A lot of people remember it as an assertion by * that 'Saddam Hussein recently sought significant quantities of uranium from Niger,' when it was actually a reported claim. Some people even remember 'acquired' instead of 'sought'. It's spawned a few silly strawman articles. This makes sense, however.
We don't usually remember words, we remember content. But if we interpreted the words correctly, we don't realize what we've done since we reconstitute the words fairly accurately on demand. The actual words usually fuzz out after about 10 seconds. It's why rhyme and meter are helpful for remembering poetry, but prose is harder to memorize with complete accuracy ... unless sung (i.e., has a meter imposed on it). And it's why courtroom testimony, esp. hearsay, is such a bitch.
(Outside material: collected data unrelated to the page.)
lemma directed_decreasing_chain:
  assumes directed: "\<And>C1 C2. C1 \<in> \<C> \<Longrightarrow> C2 \<in> \<C> \<Longrightarrow> \<exists>C\<in>\<C>. C \<subseteq> C1 \<inter> C2"
    and "\<And>n. Cs n \<in> \<C>"
  obtains D where "\<And>n. D n \<in> \<C>" and "decseq D" and "\<And>n. D n \<subseteq> Cs n"
proof -
  obtain meet where meet:
    "\<And>C1 C2. C1 \<in> \<C> \<Longrightarrow> C2 \<in> \<C> \<Longrightarrow> meet C1 C2 \<in> \<C> \<and> meet C1 C2 \<subseteq> C1 \<inter> C2"
    using directed by metis
  define D where "D = rec_nat (Cs 0) (\<lambda>n Dn. meet Dn (Cs (Suc n)))"
  have D_0: "D 0 = Cs 0" and D_Suc: "D (Suc n) = meet (D n) (Cs (Suc n))" for n
    unfolding D_def by simp_all
  have D_mem: "D n \<in> \<C>" for n
    by (induction n) (simp_all add: D_0 D_Suc meet assms(2))
  moreover have "decseq D"
    using meet[OF D_mem assms(2)] by (intro decseq_SucI) (simp add: D_Suc)
  moreover have "D n \<subseteq> Cs n" for n
    using meet[OF D_mem assms(2)] by (cases n) (auto simp: D_0 D_Suc)
  ultimately show ?thesis
    using that by blast
qed

lemma directed_minimising_chain:
  assumes "\<C> \<noteq> {}" and ne: "\<And>C. C \<in> \<C> \<Longrightarrow> C \<noteq> {}"
    and directed: "\<And>C1 C2. C1 \<in> \<C> \<Longrightarrow> C2 \<in> \<C> \<Longrightarrow> \<exists>C\<in>\<C>. C \<subseteq> C1 \<inter> C2"
    and bdd: "bdd_above (inf_sqnorm ` \<C>)"
  obtains D where "\<And>n. D n \<in> \<C>" and "decseq D"
    and "\<And>C n. C \<in> \<C> \<Longrightarrow> inf_sqnorm C \<le> inf_sqnorm (D n) + 1 / (real n + 1)"
proof -
  define \<alpha> where "\<alpha> = (SUP C\<in>\<C>. inf_sqnorm C)"
  have "\<exists>C\<in>\<C>. \<alpha> - 1 / (real n + 1) < inf_sqnorm C" for n
    unfolding \<alpha>_def using bdd \<open>\<C> \<noteq> {}\<close> by (subst less_cSUP_iff[symmetric]) auto
  then obtain Cs where "\<And>n. Cs n \<in> \<C>" and Cs: "\<And>n. \<alpha> - 1 / (real n + 1) < inf_sqnorm (Cs n)"
    by metis
  then obtain D where D: "\<And>n. D n \<in> \<C>" "decseq D" "\<And>n. D n \<subseteq> Cs n"
    using directed_decreasing_chain[OF directed] by metis
  have "inf_sqnorm C \<le> inf_sqnorm (D n) + 1 / (real n + 1)" if "C \<in> \<C>" for C n
  proof -
    have "inf_sqnorm C \<le> \<alpha>"
      unfolding \<alpha>_def using that bdd by (rule cSUP_upper)
    moreover have "inf_sqnorm (Cs n) \<le> inf_sqnorm (D n)"
      using D(3) ne[OF D(1)] by (rule inf_sqnorm_antimono)
    ultimately show ?thesis
      using Cs[of n] by linarith
  qed
  with D(1,2) that show ?thesis
    by blast
qed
There are some nifty psycholinguistics experiments from the '70s that haven't been explained in any other way. They involved exposing listeners and readers to some rather clever sentences that intentionally misled the listener to reach a false interpretation--you read them, you don't trip, but they don't actually say what your brain picks up; if the subjects listened or read them a second time, they'd probably get it right, but that wasn't allowed. Subjects could regurgitate the sentence immediately, and catch their error--they retained the actual words for about 10 seconds on average; but if they waited, they'd say a sentence compatible with their interpretation. Mostly they'd be really confident about it, too, and most of the words would be the same. Oddly, when exposed to the same sentences in follow-up experiments the same day or a week later, subjects tended not to catch their mistake: researchers concluded the subjects already knew what the sentence meant, why bother making the effort to re-parse it?
The human brain is truly quirky. Bilingual speakers even 'remember' hearing or reading things in the wrong language--they sometimes report being told something by their parents in a language their parents didn't knew (and which the bilingual didn't know at the time), or hearing a speech given in a language the speech-giver never knew.